Caro, D., Davis S. J., Bastianoni, S. & Caldeira, K. Climatic Change http://doi.org/tvw (2014)

Eshel, G., Shepon, A., Makov, T., & Milo, R. Proc. Natl Acad. Sci. USA http://doi.org/tvx (2014)

Researchers on social media never seem to tire of discussing shortcomings in the clinical-trial system. Lately, much of the talk centred on a paper that investigated 400 randomly selected US clinical trials. All of the studies had been designated as 'completed' for at least four years, but only 70.5% had published results in any journal or on the website ClinicalTrials.gov. The other 29.5% of trials were essentially invisible to the world. The results of industry-funded studies were about half as likely as other studies to be published, the analysis found. Mark Fleury, associate director of science policy at the American Association for Cancer Research, tweeted: “Need this data in public sphere!”

Saito, H. & Gill, C. J. PLoS ONE 9, e101826 (2014)

A 1998 abstract entitled 'Directed evolution of a full professor' is making the rounds online again — a reminder of the scientific importance of a good laugh.

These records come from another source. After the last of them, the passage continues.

lemma has_vector_derivative_inner:
  fixes f g :: "real \<Rightarrow> 'a::real_inner"
  assumes "(f has_vector_derivative f') (at t within S)" "(g has_vector_derivative g') (at t within S)"
  shows "((\<lambda>s. f s \<bullet> g s) has_vector_derivative f t \<bullet> g' + f' \<bullet> g t) (at t within S)"
proof -
  have "((\<lambda>s. f s \<bullet> g s) has_derivative (\<lambda>h. f t \<bullet> (h *\<^sub>R g') + (h *\<^sub>R f') \<bullet> g t)) (at t within S)"
    using has_derivative_inner[OF assms[unfolded has_vector_derivative_def]] by simp
  moreover have "(\<lambda>h. f t \<bullet> (h *\<^sub>R g') + (h *\<^sub>R f') \<bullet> g t) = (\<lambda>h. h *\<^sub>R (f t \<bullet> g' + f' \<bullet> g t))"
    by (intro ext) (simp add: distrib_left)
  ultimately show ?thesis unfolding has_vector_derivative_def by simp
qed

lemma norm_diff_le_of_vector_derivative_bound:
  fixes f :: "real \<Rightarrow> 'a::real_normed_vector"
  assumes "\<And>x. x \<in> {a..b} \<Longrightarrow> (f has_vector_derivative f' x) (at x within {a..b})"
    and "\<And>x. x \<in> {a..b} \<Longrightarrow> norm (f' x) \<le> B"
    and "x \<in> {a..b}" "y \<in> {a..b}"
  shows "norm (f x - f y) \<le> B * \<bar>x - y\<bar>"
proof -
  have "norm (f x - f y) \<le> B * norm (x - y)"
  proof (rule differentiable_bound[where f'="\<lambda>x h. h *\<^sub>R f' x"])
    show "(f has_derivative (\<lambda>h. h *\<^sub>R f' x)) (at x within {a..b})" if "x \<in> {a..b}" for x
      using assms(1)[OF that] by (simp add: has_vector_derivative_def)
    show "onorm (\<lambda>h. h *\<^sub>R f' x) \<le> B" if "x \<in> {a..b}" for x
      using assms(2)[OF that] onorm_scaleR_left[OF bounded_linear_ident, of "f' x"]
      by (simp add: onorm_id)
  qed (use assms in auto)
  then show ?thesis by simp
qed

text \<open>If \<open>V \<perp> T\<close>, then \<open>V\<close> is a multiple of the normal \<open>i T / |T|\<close>, and pairing it with
  \<open>W\<close> picks up the normal component \<open>det2 T W / |T|\<close> of \<open>W\<close>.\<close>
lemma abs_inner_orthogonal_eq_det2:
  fixes V T W :: complex
  assumes "V \<bullet> T = 0" "T \<noteq> 0"
  shows "\<bar>V \<bullet> W\<bar> = norm V * \<bar>det2 T W\<bar> / norm T"
proof -
  have "(V \<bullet> W) * (T \<bullet> T) = (V \<bullet> T) * (W \<bullet> T) + det2 T V * det2 T W"
    and "(V \<bullet> V) * (T \<bullet> T) = (V \<bullet> T)\<^sup>2 + (det2 T V)\<^sup>2"
    by (simp_all add: inner_complex_def det2_def power2_eq_square algebra_simps)
  then have VW: "(V \<bullet> W) * (norm T)\<^sup>2 = det2 T V * det2 T W"
    and "(det2 T V)\<^sup>2 = (norm V * norm T)\<^sup>2"
    using assms(1) by (simp_all add: power2_norm_eq_inner power_mult_distrib)
  then have "\<bar>det2 T V\<bar> = norm V * norm T"
    by (metis abs_of_nonneg norm_ge_zero real_sqrt_abs zero_le_mult_iff)
  then have "\<bar>V \<bullet> W\<bar> * (norm T)\<^sup>2 = norm V * norm T * \<bar>det2 T W\<bar>"
    using arg_cong[OF VW, of abs] by (simp add: abs_mult)
  then show ?thesis
    using assms(2) by (simp add: power2_eq_square field_simps)
qed

lemma integral_le_sqrt_of_square_le_mult:
  fixes h f g :: "real \<Rightarrow> real"
  assumes "h integrable_on S" "f integrable_on S" "g integrable_on S"
    and "\<And>x. x \<in> S \<Longrightarrow> (h x)\<^sup>2 \<le> f x * g x"
    and "\<And>x. x \<in> S \<Longrightarrow> 0 \<le> f x" "\<And>x. x \<in> S \<Longrightarrow> 0 \<le> g x"
    and "integral S f \<le> F" "F > 0" "integral S g = G" "G > 0"
  shows "integral S h \<le> sqrt (F * G)"
proof -
  define l where "l = sqrt (G / F)"
  have l: "l > 0" using assms by (simp add: l_def)
  have amgm: "h x \<le> (l * f x + g x / l) / 2" if "x \<in> S" for x
  proof -
    have "((l * f x + g x / l) / 2)\<^sup>2 - f x * g x = ((l * f x - g x / l) / 2)\<^sup>2"
      using l by (simp add: power2_eq_square field_simps)
    then have "(h x)\<^sup>2 \<le> ((l * f x + g x / l) / 2)\<^sup>2"
      using assms(4)[OF that] zero_le_power2[of "(l * f x - g x / l) / 2"] by linarith
    moreover have "0 \<le> (l * f x + g x / l) / 2" using assms(5,6)[OF that] l by simp
    ultimately show ?thesis using abs_le_square_iff by force
  qed
  have int_f: "(\<lambda>x. l * f x) integrable_on S" and int_g: "(\<lambda>x. g x / l) integrable_on S"
    using assms(2,3) by (auto intro: integrable_on_divide integrable_on_mult_right)
  have "integral S h \<le> integral S (\<lambda>x. (l * f x + g x / l) / 2)"
    by (rule integral_le[OF assms(1) _ amgm]) (intro integrable_on_divide integrable_add int_f int_g)
  also have "\<dots> = (l * integral S f + G / l) / 2"
    using assms(9) by (simp add: integral_divide integral_add[OF int_f int_g] integral_mult_right)
  also have "\<dots> \<le> (l * F + G / l) / 2" using assms(7) l by simp
  also have "\<dots> = sqrt (F * G)"
    using assms(8,10) by (simp add: l_def real_sqrt_divide real_sqrt_mult field_simps)
  finally show ?thesis .
qed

The spoof abstract, written by molecular biologists Karen Ottemann and Sharon Doyle at the University of California at Berkeley, describes an attempt to grow successful professors in the lab. First author 'A. L. Nighter' and colleagues reported subjecting a group of “graduate student clones” to “several rounds of random mutagenesis followed by selection on minimal money media”. The surviving clones who could “work for long hours with vending machine snacks as a sole carbon source” were labelled 'postdocs'. Eventually, full professors were identified by their “propensity to talk incessantly about their own research” and their “inability to judge” how much time it should take to complete bench work. The abstract gained new attention this month when Jonathan Eisen, an evolutionary biologist at the University of California, Davis, tweeted it to his nearly 24,000 followers without revealing when the abstract was published. “I decided not to comment on the date,” he explained in a later tweet, “since it was still great.”